> **Task directions**
Copy each line of the entries that contains the word "assoc".

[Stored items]
• • •
(* Let $i,j\in\mathbb{N}$ and $n\in\mathbb{N}_0$. If $d_j(n+1)=d_i(n)\pm1$, then $d_j(n+1)+d_i(n)=d_\ell(2n+1)$ for some $\ell\in\{3,i+1,j+1\}$.
   Context: For $i\in\mathbb{N}$ and $n\in\mathbb{N}_0$, $d_i(n)=2^{i-1}-\left|(n\bmod 2^i)-2^{i-1}\right|$. *)

theory Defs
  imports Main
begin

definition d :: "nat \<Rightarrow> nat \<Rightarrow> int" where
  "d i n = 2 ^ (i - 1) - \<bar>int (n mod 2 ^ i) - 2 ^ (i - 1)\<bar>"

end

theory Submission
  imports Defs
begin

text \<open>
  \<open>d i n\<close> is the distance from \<open>n\<close> to the nearest multiple of \<open>2^i\<close>. Doubling gives
  \<open>d (i+1) (2n+1) = 2 d i n \<plusminus> 1\<close>, with \<open>+\<close> iff \<open>n\<close> lies in the lower half of its
  residue block, and \<open>d (j+1) (2(n+1)-1) = 2 d j (n+1) \<mp> 1\<close>, with \<open>-\<close> iff \<open>n+1\<close> lies in the
  nonzero lower half. So \<open>\<ell> = i+1\<close> or \<open>\<ell> = j+1\<close> works unless both \<open>n\<close> and \<open>n+1\<close>
  round up (when \<open>d j (n+1) = d i n + 1\<close>) or both round down (when \<open>d j (n+1) = d i n - 1\<close>).
  Then the nearest multiples of \<open>2^i\<close> and \<open>2^j\<close> differ by exactly 2, forcing
  \<open>min i j = 1\<close>; this pins \<open>2n+1\<close> down to 3 or 5 modulo 8, where \<open>d 3\<close> takes the value 3.
\<close>

lemma d_nonneg: "0 \<le> d i n"
proof -
  have "int (n mod 2 ^ i) < 2 ^ i"
    by simp
  moreover have "(2::int) ^ i \<le> 2 * 2 ^ (i - 1)"
    by (cases i) auto
  ultimately show ?thesis
    unfolding d_def by linarith
qed

lemma d_eq_mod_if_le_half: "n mod 2 ^ i \<le> 2 ^ (i - 1) \<Longrightarrow> d i n = int (n mod 2 ^ i)"
  unfolding d_def by simp

lemma d_eq_sub_mod_if_ge_half: "2 ^ (i - 1) \<le> n mod 2 ^ i \<Longrightarrow> d i n = 2 ^ i - int (n mod 2 ^ i)"
proof -
  assume upper: "2 ^ (i - 1) \<le> n mod 2 ^ i"
  then have "0 < i"
    by (cases i) auto
  moreover have "2 ^ (i - 1) \<le> int (n mod 2 ^ i)"
    using upper by simp
  ultimately show ?thesis
    unfolding d_def by (cases i) auto
qed

lemma d_less_half_if_gt_half: "2 ^ (i - 1) < n mod 2 ^ i \<Longrightarrow> d i n < 2 ^ (i - 1)"
  unfolding d_def by simp

lemma int_eq_power_two_div_mod: "int n = 2 ^ i * int (n div 2 ^ i) + int (n mod 2 ^ i)"
  by (simp add: zdiv_int zmod_int)

lemma power_two_dvd_sub_d: "n mod 2 ^ i \<le> 2 ^ (i - 1) \<Longrightarrow> (2::int) ^ i dvd int n - d i n"
  using int_eq_power_two_div_mod[of n i] by (simp add: d_eq_mod_if_le_half)

lemma power_two_dvd_add_d: "2 ^ (i - 1) \<le> n mod 2 ^ i \<Longrightarrow> (2::int) ^ i dvd int n + d i n"
proof -
  assume "2 ^ (i - 1) \<le> n mod 2 ^ i"
  then have "int n + d i n = 2 ^ i * (int (n div 2 ^ i) + 1)"
    using int_eq_power_two_div_mod[of n i] by (simp add: d_eq_sub_mod_if_ge_half algebra_simps)
  then show ?thesis by simp
qed

lemma d_Suc_double_plus_one:
  "d (Suc i) (2 * n + 1) =
     (if n mod 2 ^ i < 2 ^ (i - 1) then 2 * d i n + 1 else 2 * d i n - 1)"
proof -
  have "(2 * n + 1) mod 2 ^ Suc i = 2 * (n mod 2 ^ i) + 1"
    using mod_mult2_eq[of "2 * n + 1" 2 "2 ^ i"] by (simp add: mult.commute[of _ 2])
  then have "d (Suc i) (2 * n + 1) = 2 ^ i - \<bar>2 * int (n mod 2 ^ i) + 1 - 2 ^ i\<bar>"
    unfolding d_def by simp
  moreover have "int (n mod 2 ^ i) < 2 ^ i"
    by simp
  moreover have "n mod 2 ^ i < 2 ^ (i - 1) \<longleftrightarrow> 2 * int (n mod 2 ^ i) < 2 ^ i"
    by (cases i) (auto simp flip: of_nat_less_iff)
  ultimately show ?thesis
    using d_eq_mod_if_le_half[of n i] d_eq_sub_mod_if_ge_half[of i n] by auto
qed

lemma d_Suc_double_minus_one:
  assumes "0 < m"
  shows "d (Suc j) (2 * m - 1) =
    (if 0 < m mod 2 ^ j \<and> m mod 2 ^ j \<le> 2 ^ (j - 1) then 2 * d j m - 1 else 2 * d j m + 1)"
proof (cases "m mod 2 ^ j = 0")
  case True
  then obtain q where "m = 2 ^ j * q" "0 < q"
    using assms by (metis mod_0_imp_dvd dvd_def mult_0_right neq0_conv)
  then have "2 * m - 1 = (2 ^ Suc j - 1) + 2 ^ Suc j * (q - 1)"
    by (cases q) (auto simp: algebra_simps)
  moreover have "2 ^ Suc j - 1 < (2::nat) ^ Suc j"
    by simp
  ultimately have "(2 * m - 1) mod 2 ^ Suc j = 2 ^ Suc j - 1"
    by (metis mod_less mod_mult_self2)
  then show ?thesis
    using True by (simp add: d_def d_eq_mod_if_le_half of_nat_diff)
next
  case False
  have "2 * m = 2 * (m mod 2 ^ j + 2 ^ j * (m div 2 ^ j))"
    by simp
  also have "\<dots> = 2 * (m mod 2 ^ j) + 2 ^ Suc j * (m div 2 ^ j)"
    by (simp only: power_Suc distrib_left mult.assoc)
  finally have "2 * m = 2 * (m mod 2 ^ j) + 2 ^ Suc j * (m div 2 ^ j)" .
  then have "2 * m - 1 = (2 * (m mod 2 ^ j) - 1) + 2 ^ Suc j * (m div 2 ^ j)"
    using False by linarith
  moreover have "2 * (m mod 2 ^ j) - 1 < 2 ^ Suc j"
    by (simp add: less_imp_diff_less)
  ultimately have "(2 * m - 1) mod 2 ^ Suc j = 2 * (m mod 2 ^ j) - 1"
    by (metis mod_less mod_mult_self2)
  then have "d (Suc j) (2 * m - 1) = 2 ^ j - \<bar>2 * int (m mod 2 ^ j) - 1 - 2 ^ j\<bar>"
    using False by (simp add: d_def of_nat_diff)
  moreover have "int (m mod 2 ^ j) < 2 ^ j"
    by simp
  moreover have "m mod 2 ^ j \<le> 2 ^ (j - 1) \<longleftrightarrow> 2 * int (m mod 2 ^ j) \<le> 2 ^ j"
    using False by (cases j) (auto simp flip: of_nat_le_iff)
  ultimately show ?thesis
    using False d_eq_mod_if_le_half[of m j] d_eq_sub_mod_if_ge_half[of j m] by auto
qed

lemma power_two_dvd_and_dvd_add_two:
  fixes x :: int
  assumes "2 ^ i dvd x" and "2 ^ j dvd x + 2"
  shows "i \<le> 1 \<or> j \<le> 1"
proof -
  have "2 ^ min i j dvd x" and "2 ^ min i j dvd x + 2"
    using assms by (meson dvd_trans le_imp_power_dvd min.cobounded1 min.cobounded2)+
  then have "(2::int) ^ min i j dvd 2 ^ 1"
    by (simp add: dvd_add_right_iff)
  then show ?thesis
    using dvd_power_iff[of "2::int" "min i j" 1] by auto
qed

lemma eight_dvd_if_power_two_dvd:
  fixes x :: int
  assumes "2 < (2::int) ^ (k - 1)" and "2 ^ k dvd x"
  shows "8 dvd x"
proof -
  have "3 \<le> k"
    using assms(1) power_strict_increasing_iff[of "2::int" 1 "k - 1"] by simp
  then show ?thesis
    using assms(2) le_imp_power_dvd[of 3 k "2::int"] dvd_trans by auto
qed

lemma d_three_eq_three: "m mod 8 = 3 \<or> m mod 8 = 5 \<Longrightarrow> d 3 m = 3"
  by (auto simp: d_def)

lemma d_sum_eq_d_three_round_up:
  assumes upper: "\<not> n mod 2 ^ i < 2 ^ (i - 1)"
    and upper': "\<not> (0 < (n + 1) mod 2 ^ j \<and> (n + 1) mod 2 ^ j \<le> 2 ^ (j - 1))"
    and step: "d j (n + 1) = d i n + 1"
  shows "d j (n + 1) + d i n = d 3 (2 * n + 1)"
proof -
  have "(n + 1) mod 2 ^ j \<noteq> 0"
  proof
    assume "(n + 1) mod 2 ^ j = 0"
    then have "d j (n + 1) = 0"
      by (simp add: d_eq_mod_if_le_half)
    with step d_nonneg[of i n] show False
      by simp
  qed
  then have upper'_strict: "2 ^ (j - 1) < (n + 1) mod 2 ^ j"
    using upper' by auto
  have dvd_i: "2 ^ i dvd int n + d i n"
    using upper by (simp add: power_two_dvd_add_d)
  have "2 ^ j dvd int (n + 1) + d j (n + 1)"
    using upper'_strict power_two_dvd_add_d less_imp_le by blast
  moreover have "int (n + 1) + d j (n + 1) = int n + d i n + 2"
    using step by simp
  ultimately have dvd_j: "2 ^ j dvd int n + d i n + 2"
    by metis
  have "d j (n + 1) < 2 ^ (j - 1)"
    using upper'_strict by (rule d_less_half_if_gt_half)
  then have "(1::int) < 2 ^ (j - 1)"
    using step d_nonneg[of i n] by linarith
  then have "\<not> j \<le> 1"
    by (cases "j - 1") auto
  with power_two_dvd_and_dvd_add_two[OF dvd_i dvd_j] have "i = 1"
    using upper by (auto simp: le_Suc_eq)
  then have d_i_one: "d i n = 1" and d_j_two: "d j (n + 1) = 2"
    using upper step d_eq_sub_mod_if_ge_half[of i n] by auto
  with \<open>d j (n + 1) < 2 ^ (j - 1)\<close> have "8 dvd int n + d i n + 2"
    using dvd_j by (simp add: eight_dvd_if_power_two_dvd)
  then have "8 dvd int n + 3"
    using d_i_one by (simp add: add.assoc)
  then have "(2 * n + 1) mod 8 = 3"
    by presburger
  then show ?thesis
    using d_i_one d_j_two by (simp add: d_three_eq_three)
qed

lemma d_sum_eq_d_three_round_down:
  assumes lower: "n mod 2 ^ i < 2 ^ (i - 1)"
    and lower': "0 < (n + 1) mod 2 ^ j \<and> (n + 1) mod 2 ^ j \<le> 2 ^ (j - 1)"
    and step: "d j (n + 1) = d i n - 1"
  shows "d j (n + 1) + d i n = d 3 (2 * n + 1)"
proof -
  have d_i_eq: "d i n = int (n mod 2 ^ i)" and d_j_eq: "d j (n + 1) = int ((n + 1) mod 2 ^ j)"
    using lower lower' d_eq_mod_if_le_half less_imp_le by blast+
  have dvd_i: "2 ^ i dvd int n - d i n"
    using lower by (simp add: power_two_dvd_sub_d)
  have "2 ^ j dvd int (n + 1) - d j (n + 1)"
    using lower' power_two_dvd_sub_d by blast
  moreover have "int (n + 1) - d j (n + 1) = int n - d i n + 2"
    using step by simp
  ultimately have dvd_j: "2 ^ j dvd int n - d i n + 2"
    by metis
  have "d i n < 2 ^ (i - 1)"
    using d_i_eq lower by simp
  then have "(1::int) < 2 ^ (i - 1)"
    using step d_nonneg[of j "n + 1"] by linarith
  then have "\<not> i \<le> 1"
    by (cases "i - 1") auto
  with power_two_dvd_and_dvd_add_two[OF dvd_i dvd_j] have "j \<le> 1"
    by simp
  then have d_j_one: "d j (n + 1) = 1" and d_i_two: "d i n = 2"
    using lower' d_j_eq step by (auto simp: le_Suc_eq)
  with \<open>d i n < 2 ^ (i - 1)\<close> have "(2::int) < 2 ^ (i - 1)"
    by simp
  then have "8 dvd int n - d i n"
    using dvd_i by (rule eight_dvd_if_power_two_dvd)
  then have "8 dvd int n - 2"
    using d_i_two by simp
  then have "(2 * n + 1) mod 8 = 5"
    by presburger
  then show ?thesis
    using d_i_two d_j_one by (simp add: d_three_eq_three)
qed

theorem lemma12:
  fixes i j n :: nat
  assumes "i \<ge> 1" and "j \<ge> 1"
    and "d j (n + 1) = d i n + 1 \<or> d j (n + 1) = d i n - 1"
  shows "\<exists>l \<in> {3, i + 1, j + 1}. d j (n + 1) + d i n = d l (2 * n + 1)"
proof -
  have d_i: "d (i + 1) (2 * n + 1) =
      (if n mod 2 ^ i < 2 ^ (i - 1) then 2 * d i n + 1 else 2 * d i n - 1)"
    using d_Suc_double_plus_one by simp
  have d_j: "d (j + 1) (2 * n + 1) =
      (if 0 < (n + 1) mod 2 ^ j \<and> (n + 1) mod 2 ^ j \<le> 2 ^ (j - 1)
       then 2 * d j (n + 1) - 1 else 2 * d j (n + 1) + 1)"
    using d_Suc_double_minus_one[of "n + 1" j] by simp
  from assms(3) show ?thesis
  proof
    assume step: "d j (n + 1) = d i n + 1"
    then show ?thesis
      using d_i d_j d_sum_eq_d_three_round_up[OF _ _ step] by auto
  next
    assume step: "d j (n + 1) = d i n - 1"
    then show ?thesis
      using d_i d_j d_sum_eq_d_three_round_down[OF _ _ step] by auto
  qed
qed

end
lemma solutions_weak_iff:
  fixes a s p :: complex
  shows "(\<forall>z w. a * w = 1 - s*z + p*z^2 \<longrightarrow> 1 \<le> cmod w + (cmod z)^2) \<longleftrightarrow>
         (\<forall>z\<in>unit_disc. 1 - s*z + p*z^2 \<noteq> 0 \<and> cmod a * (1 - (cmod z)^2) \<le> cmod (1 - s*z + p*z^2))"
proof -
  have "(\<forall>w. a * w = 1 - s*z + p*z^2 \<longrightarrow> 1 \<le> cmod w + (cmod z)^2) \<longleftrightarrow>
        (z \<in> unit_disc \<longrightarrow> 1 - s*z + p*z^2 \<noteq> 0 \<and> cmod a * (1 - (cmod z)^2) \<le> cmod (1 - s*z + p*z^2))"
    for z
  proof (cases "z \<in> unit_disc")
    case True
    then have c: "0 < 1 - (cmod z)^2" by (simp add: unit_disc_def power_less_one_iff)
    have shift: "1 \<le> cmod w + (cmod z)^2 \<longleftrightarrow> 1 - (cmod z)^2 \<le> cmod w" for w by linarith
    show ?thesis using True by (simp only: shift solutions_above_iff[OF c] simp_thms)
  next
    case False
    then have "1 \<le> (cmod z)^2" by (simp add: unit_disc_def one_le_power)
    then show ?thesis using False by (smt (verit) norm_ge_zero)
  qed
  then show ?thesis by blast
qed
lemma norm_inv_perturbation_le:
  fixes A M :: "'v::euclidean_space \<Rightarrow> 'w::euclidean_space"
  assumes A: "linear A" "bij A" and K: "K > 0" "\<And>z. norm (inv A z) \<le> K * norm z"
    and M: "linear M" "bij M" and small: "K * (\<Sum>b\<in>Basis. norm (M b - A b)) \<le> 1 / 2"
  shows "norm (inv M u - inv A u) \<le> 2 * K * norm (inv A u) * (\<Sum>b\<in>Basis. norm (M b - A b))"
proof -
  define D where "D = (\<Sum>b\<in>Basis. norm (M b - A b))"
  define y where "y = inv M u"
  have "M y = u"
    unfolding y_def using M(2) by (simp add: bij_is_surj surj_f_inv_f)
  then have "y - inv A u = inv A (A y - M y)"
    using A by (simp add: linear_diff[OF linear_inv[OF A]] bij_is_inj)
  then have "norm (y - inv A u) \<le> K * norm (M y - A y)"
    using K(2) by (metis norm_minus_commute)
  also have "\<dots> \<le> K * (D * norm y)"
    using norm_linear_le_sum_Basis[OF linear_compose_sub[OF M(1) A(1)], of y] K(1)
    unfolding D_def by (simp add: mult_left_mono)
  finally have close: "norm (y - inv A u) \<le> K * D * norm y"
    by (simp add: mult.assoc)
  have "norm y \<le> norm (inv A u) + K * D * norm y"
    using close norm_triangle_sub[of y "inv A u"] by simp
  also have "\<dots> \<le> norm (inv A u) + 1 / 2 * norm y"
    using mult_right_mono[OF small norm_ge_zero[of y]] by (simp add: D_def)
  finally have "norm y \<le> 2 * norm (inv A u)"
    by simp
  then have "K * D * norm y \<le> K * D * (2 * norm (inv A u))"
    using K(1) by (simp add: D_def mult_left_mono sum_nonneg)
  with close show ?thesis
    unfolding y_def D_def by (simp add: algebra_simps)
qed

lemma tendsto_inv_linear:
  fixes L :: "'a \<Rightarrow> 'v::euclidean_space \<Rightarrow> 'w::euclidean_space"
  assumes L0: "linear L0" "bij L0"
    and L: "\<forall>\<^sub>F x in F. linear (L x) \<and> bij (L x)"
    and columns: "\<And>b. b \<in> Basis \<Longrightarrow> ((\<lambda>x. L x b) \<longlongrightarrow> L0 b) F"
  shows "((\<lambda>x. inv (L x) u) \<longlongrightarrow> inv L0 u) F"
proof -
  obtain K where K: "K > 0" "\<And>z. norm (inv L0 z) \<le> K * norm z"
    using linear_bounded_pos[OF linear_inv[OF L0]] by blast
  define D where "D x = (\<Sum>b\<in>Basis. norm (L x b - L0 b))" for x
  have D: "(D \<longlongrightarrow> 0) F"
    unfolding D_def by (intro tendsto_null_sum tendsto_norm_zero LIM_zero columns)
  then have "\<forall>\<^sub>F x in F. D x < 1 / (2 * K)"
    using K(1) by (simp add: order_tendstoD(2))
  with L have "\<forall>\<^sub>F x in F. norm (inv (L x) u - inv L0 u) \<le> 2 * K * norm (inv L0 u) * D x"
  proof eventually_elim
    case (elim x)
    then have "K * D x \<le> 1 / 2"
      using K(1) by (simp add: field_simps)
    with elim show ?case
      unfolding D_def by (intro norm_inv_perturbation_le[OF L0 K]) simp_all
  qed
  then have "((\<lambda>x. inv (L x) u - inv L0 u) \<longlongrightarrow> 0) F"
    by (rule Lim_null_comparison) (intro tendsto_mult_right_zero D)
  then show ?thesis
    by (rule LIM_zero_cancel)
qed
• • •
> **Written response**
    by (simp only: power_Suc distrib_left mult.assoc)
    using d_i_one by (simp add: add.assoc)
    by (simp add: mult.assoc)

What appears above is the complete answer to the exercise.